I think most of that at this age is they are learning what everyone wants from them. It's like they are conflicted. They want to be good but just are not sure yet of what to do. I bet with consistent training it will stop as she gets more mature and understands what she needs to do when you give her a comnand.


----------



## IrisBramble (Oct 15, 2015)

She starts puppy K in 2 weeks so that should definitely help us out with certain commands and further potty training.


----------



## Tiny R Astar (Dec 26, 2015)

Hi Dawn
Albie does it too especially in an evening when he has the zoomies.He will race around bark and try to nip any ankle in his path. At the beginning of the week when we told him "down" if he put his paws on the coffee table or couch he wasnt always responding and when we put him down he did growl at my son and husband a few times. So we started to ignore or walk out the room for a minute if he nipped or barked. We also did lots more name call games with all the family and more sit, stay, lay. The last 2 days he has licked our feet or ankles rather than nipped most times and only barked once at my son today during a fast ball game. We are finding if he isnt hyper, calling him and saying sit often stops him when he looks like he is about to ankle nip. He is still needing to be put down sometimes when his paws are on the table but no nipping or barking today when we did it and he is getting down more often with commands. I have been told it is just exhuberant puppy behaviour or boundary testing and since he is amazing gentle and obedient 95% of the time I believe this. Oh we were also advised not to sit on the floor with him and be above his head so he knows we are all 'boss" so we stopped this for now and he is responding to my son much better now. ( But I am missing sitting beside him cuddling). He snuggles by my feet instead.They learn so fast dont they. Goldens are amazing.


----------



## Gee123 (Dec 20, 2015)

She is so incredibly beautiful!!


----------



## Gee123 (Dec 20, 2015)

Iris, any new pics of Rosie?


----------



## IrisBramble (Oct 15, 2015)

I promise i will take some either today or tomorrow for her 10 week birthday lol 

shes under the weather today sneezed a few times and her nose is kinda runny not to bad, shes also coughed a few times im watching her closely shes still wants to play and eat/drink and go out.

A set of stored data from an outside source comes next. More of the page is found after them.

lemma scaling_limit_deriv:
  assumes "(fs, f) \<in> scaling_limit"
  shows "(\<forall>n x. fs n differentiable (at x)) \<and> (\<forall>x. f differentiable (at x)) \<and>
    (\<forall>v. (\<lambda>n x. frechet_derivative (fs n) (at x) v, \<lambda>x. frechet_derivative f (at x) v)
          \<in> scaling_limit)"
  using assms
proof (induction rule: scaling_limit.induct)
  case (linear l)
  then show ?case
    by (intro scaling_limit_derivI[where Dfs = "\<lambda>n x. l" and Df = "\<lambda>x. l"]
        bounded_linear_imp_has_derivative scaling_limit.const tendsto_const)
next
  case (const c L)
  then show ?case
    by (intro scaling_limit_derivI[where Dfs = "\<lambda>n x h. 0" and Df = "\<lambda>x h. 0"]
        has_derivative_const scaling_limit.const tendsto_const)
next
  case (add fs f gs g)
  then show ?case
    by (intro scaling_limit_derivI[where
          Dfs = "\<lambda>n x h. frechet_derivative (fs n) (at x) h + frechet_derivative (gs n) (at x) h"
          and Df = "\<lambda>x h. frechet_derivative f (at x) h + frechet_derivative g (at x) h"]
        has_derivative_add frechet_derivative_works[THEN iffD1] scaling_limit.add) auto
next
  case (mult fs f gs g)
  then show ?case
    by (intro scaling_limit_derivI[where
          Dfs = "\<lambda>n x h. fs n x * frechet_derivative (gs n) (at x) h
                          + frechet_derivative (fs n) (at x) h * gs n x"
          and Df = "\<lambda>x h. f x * frechet_derivative g (at x) h + frechet_derivative f (at x) h * g x"]
        has_derivative_mult frechet_derivative_works[THEN iffD1] scaling_limit.add scaling_limit.mult)
      auto
next
  case (shrink \<Phi> as a k)
  let ?Das = "\<lambda>n x. frechet_derivative (as n) (at x)"
  have "((\<lambda>x. 1 * \<Phi> k (as n x / real n)) has_derivative
          (\<lambda>h. \<Phi> (Suc k) (as n x / real n) * (1 / real n * ?Das n x h))) (at x)" for n x
    using shrink by (intro has_derivative_deriv_tower_scaled frechet_derivative_works[THEN iffD1]) auto
  moreover have "(\<lambda>n x. \<Phi> (Suc k) (as n x / real n) * (1 / real n * ?Das n x v),
                   \<lambda>x. \<Phi> (Suc k) 0 * (0 * frechet_derivative a (at x) v)) \<in> scaling_limit" for v
    using shrink
    by (intro scaling_limit.mult scaling_limit.shrink scaling_limit.const lim_const_over_n) auto
  ultimately show ?case
    by (intro scaling_limit_derivI[where Df = "\<lambda>x h. 0"]) auto
next
  case (blowup \<Phi> as a k)
  let ?Das = "\<lambda>n x. frechet_derivative (as n) (at x)"
  have "((\<lambda>x. real n * \<Phi> k (as n x / real n)) has_derivative
          (\<lambda>h. \<Phi> (Suc k) (as n x / real n) * (real n / real n * ?Das n x h))) (at x)" for n x
    using blowup by (intro has_derivative_deriv_tower_scaled frechet_derivative_works[THEN iffD1]) auto
  moreover have "((\<lambda>x. \<Phi> (Suc k) 0 * a x) has_derivative
                   (\<lambda>h. \<Phi> (Suc k) 0 * frechet_derivative a (at x) h)) (at x)" for x
    using blowup by (intro has_derivative_mult_right frechet_derivative_works[THEN iffD1]) auto
  moreover have "(\<lambda>n. real n / real n) \<longlonglongrightarrow> 1"
    using eventually_gt_at_top[of "0::nat"] by (intro tendsto_eventually) (auto elim: eventually_mono)
  then have "(\<lambda>n x. \<Phi> (Suc k) (as n x / real n) * (real n / real n * ?Das n x v),
              \<lambda>x. \<Phi> (Suc k) 0 * (1 * frechet_derivative a (at x) v)) \<in> scaling_limit" for v
    using blowup by (intro scaling_limit.mult scaling_limit.shrink scaling_limit.const) auto
  ultimately show ?case
    by (intro scaling_limit_derivI) auto
qed

lemma scaling_limit_iter_dderiv:
  assumes "(fs, f) \<in> scaling_limit"
  shows "(\<lambda>n. iter_dderiv vs (fs n), iter_dderiv vs f) \<in> scaling_limit"
  by (induction vs) (use assms scaling_limit_deriv in auto)

lemma scaling_limit_differentiable:
  assumes "(fs, f) \<in> scaling_limit"
  shows "iter_dderiv vs (fs n) differentiable (at x)" and "iter_dderiv vs f differentiable (at x)"
  using scaling_limit_deriv[OF scaling_limit_iter_dderiv[OF assms]] by auto

lemma iter_dderiv_triple:
  fixes f g h :: "'a::real_normed_vector \<Rightarrow> real"
  assumes "\<And>vs x. iter_dderiv vs f differentiable (at x)"
    and "\<And>vs x. iter_dderiv vs g differentiable (at x)"
    and "\<And>vs x. iter_dderiv vs h differentiable (at x)"
  shows "iter_dderiv vs (\<lambda>x. (f x, g x, h x)) =
           (\<lambda>x. (iter_dderiv vs f x, iter_dderiv vs g x, iter_dderiv vs h x))"
proof (induction vs)
  case (Cons v vs)
  have "frechet_derivative (\<lambda>x. (iter_dderiv vs f x, iter_dderiv vs g x, iter_dderiv vs h x)) (at x) =
    (\<lambda>w. (frechet_derivative (iter_dderiv vs f) (at x) w, frechet_derivative (iter_dderiv vs g) (at x) w,
          frechet_derivative (iter_dderiv vs h) (at x) w))" for x
    using assms by (intro frechet_derivative_at[symmetric] has_derivative_Pair
        frechet_derivative_works[THEN iffD1])
  then show ?case
    using Cons by simp
qed simp

lemma scaling_limit_triple_uniform_limit:
  assumes "bounded U" and "(fs, f) \<in> scaling_limit" "(gs, g) \<in> scaling_limit" "(hs, h) \<in> scaling_limit"
  shows "uniform_limit U (\<lambda>n. iter_dderiv vs (\<lambda>x. (fs n x, gs n x, hs n x)))
           (iter_dderiv vs (\<lambda>x. (f x, g x, h x))) sequentially"
proof -
  note lim = scaling_limit_uniform_limit[OF assms(1) scaling_limit_iter_dderiv, THEN conjunct1]
  note diff = scaling_limit_differentiable[OF assms(2)] scaling_limit_differentiable[OF assms(3)]
    scaling_limit_differentiable[OF assms(4)]
  show ?thesis
    unfolding iter_dderiv_triple[OF diff(1,3,5)] iter_dderiv_triple[OF diff(2,4,6)]
    by (intro uniform_limit_Pair lim assms(2-4))
qed

definition quad_z :: "real \<Rightarrow> real \<Rightarrow> real \<Rightarrow> real \<times> real \<times> real \<Rightarrow> real" where
  "quad_z \<delta> \<beta> \<sigma> X = snd (snd X) + \<delta> - 2 * pi\<^sup>2 * (fst X)\<^sup>2 - 2 * pi * \<sigma> * \<beta> * fst (snd X)"

text \<open>The components of \<open>f*\<close> in the scaled chart (see \<open>fstar_eq\<close>); \<open>(n\<^sup>2 + \<delta>) / n\<^sup>2\<close> is \<open>\<epsilon>\<^sub>n / n\<close>.\<close>
definition fstar_z :: "real \<Rightarrow> real \<Rightarrow> real \<Rightarrow> nat \<Rightarrow> real \<times> real \<times> real \<Rightarrow> real" where
  "fstar_z \<delta> \<beta> \<sigma> n X = snd (snd X) + \<delta>
     - 2 * ((real n ^ 2 + \<delta>) / real n ^ 2) * (real n * sin (pi * fst X / real n)) ^ 2
     - \<sigma> * \<beta> * ((real n ^ 2 + \<delta>) / real n ^ 2) * (real n * sin (2 * pi * fst (snd X) / real n))"

definition fstar_y :: "real \<Rightarrow> real \<Rightarrow> real \<Rightarrow> real \<Rightarrow> nat \<Rightarrow> real \<times> real \<times> real \<Rightarrow> real" where
  "fstar_y \<nu> \<delta> \<beta> \<sigma> n X = fst (snd X) + \<nu> * (real n * sin (2 * pi * fstar_z \<delta> \<beta> \<sigma> n X / real n))"

definition fstar_x :: "(real \<Rightarrow> real) \<Rightarrow> real \<Rightarrow> real \<Rightarrow> real \<Rightarrow> real \<Rightarrow> nat
    \<Rightarrow> real \<times> real \<times> real \<Rightarrow> real" where
  "fstar_x \<psi> \<mu> \<delta> \<beta> \<sigma> n X = fst X + \<mu> * (real n * sin (2 * pi * fst (snd X) / real n))
     + \<sigma> * (real n * \<psi> (fstar_z \<delta> \<beta> \<sigma> n X / real n))"

lemma quad_map_eq:
  "quad_map \<mu> \<nu> \<delta> \<beta> \<sigma> = (\<lambda>X. (fst X + 2 * pi * \<mu> * fst (snd X),
     fst (snd X) + 2 * pi * \<nu> * quad_z \<delta> \<beta> \<sigma> X, quad_z \<delta> \<beta> \<sigma> X))"
  by (auto simp: fun_eq_iff quad_map_def quad_z_def Let_def)

text \<open>\<open>\<rho>\<close> is the direction of the jump of the accelerator mode.\<close>
lemma lift_f_chart:
  fixes \<psi> :: "real \<Rightarrow> real" and \<delta> \<beta> :: real
  assumes \<psi>: "\<And>s. \<psi> (real n + s) = real n + \<psi> s" "\<And>t. \<psi> (- t) = - \<psi> t"
    and n: "n \<noteq> 0" and \<rho>: "\<rho> \<in> {1, -1}"
    and x: "cos (2 * pi * x) = \<rho> * (1 - 2 * (sin (pi * \<xi> / real n))\<^sup>2)"
    and y: "sin (2 * pi * y) = \<rho> * \<sigma> * sin (2 * pi * \<eta> / real n)"
    and z: "z = \<rho> * (\<zeta> / real n)"
  defines "Z \<equiv> fstar_z \<delta> \<beta> \<sigma> n (\<xi>, \<eta>, \<zeta>)"
  shows "lift_f \<psi> (real n + \<delta> / real n) \<mu> \<nu> (\<beta> / real n) (x, y, z) =
    (x + \<mu> * sin (2 * pi * y) + \<rho> * (real n + \<psi> (Z / real n)),
     y + \<nu> * (\<rho> * sin (2 * pi * Z / real n)),
     \<rho> * (real n + Z / real n))"
proof -
  have z': "z + (real n + \<delta> / real n) * (cos (2 * pi * x) - \<beta> / real n * sin (2 * pi * y))
              = \<rho> * (real n + Z / real n)"
    using n unfolding x y z Z_def fstar_z_def by (simp add: field_simps power2_eq_square)
  have "2 * pi * (real n + Z / real n) = 2 * pi * Z / real n + 2 * real n * pi"
    by (simp add: algebra_simps)
  then have "sin (2 * pi * (real n + Z / real n)) = sin (2 * pi * Z / real n)"
    by (simp add: sin_add)
  moreover have "sin (2 * pi * (\<rho> * w)) = \<rho> * sin (2 * pi * w)" for w
    using \<rho> by auto
  ultimately have "sin (2 * pi * (\<rho> * (real n + Z / real n))) = \<rho> * sin (2 * pi * Z / real n)"
    by simp
  moreover have "\<psi> (\<rho> * w) = \<rho> * \<psi> w" for w
    using \<rho> \<psi>(2) by auto
  then have "\<psi> (\<rho> * (real n + Z / real n)) = \<rho> * (real n + \<psi> (Z / real n))"
    by (simp add: \<psi>(1))
  ultimately show ?thesis
    unfolding lift_f_def Let_def prod.case z' by simp
qed

lemma cos_2pi_half_add: "cos (2 * pi * (1/2 + u)) = - cos (2 * pi * u)"
  and sin_2pi_half_add: "sin (2 * pi * (1/2 + u)) = - sin (2 * pi * u)"
  and cos_2pi_half_diff: "cos (2 * pi * (1/2 - u)) = - cos (2 * pi * u)"
  and sin_2pi_half_diff: "sin (2 * pi * (1/2 - u)) = sin (2 * pi * u)"
  by (simp_all add: distrib_left right_diff_distrib cos_add sin_add cos_diff sin_diff)

lemma cos_2pi_double_sin: "cos (2 * pi * u) = 1 - 2 * (sin (pi * u))\<^sup>2"
  using cos_double_sin[of "pi * u"] by (simp add: mult.assoc)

it went from almost 75 a few weeks ago to 20's 30's and 40's here during the day and 10-15 at night


----------



## rabernet (Feb 24, 2015)

Oh my - she is adorable!


----------



## loveinthenorth (Jan 5, 2016)

so so cute! Our comes home on the 16, I cant wait!!!


----------



## IrisBramble (Oct 15, 2015)

Rosie goes everytime we get her out, but if we go past 1hr-1 1/2 hrs she will have an accident, 99% of the time we get her out but this morning I tripped and fell and didn't get to her and she wet the floor.

She will be 10 weeks tomorrow how long should she be able to hold her bladder? 

She's very bitey right now, loves to growl/bark and nip when you pick her up she's so sassy lol.

We met the trainer and puppy k 1 starts with in the next week or 2.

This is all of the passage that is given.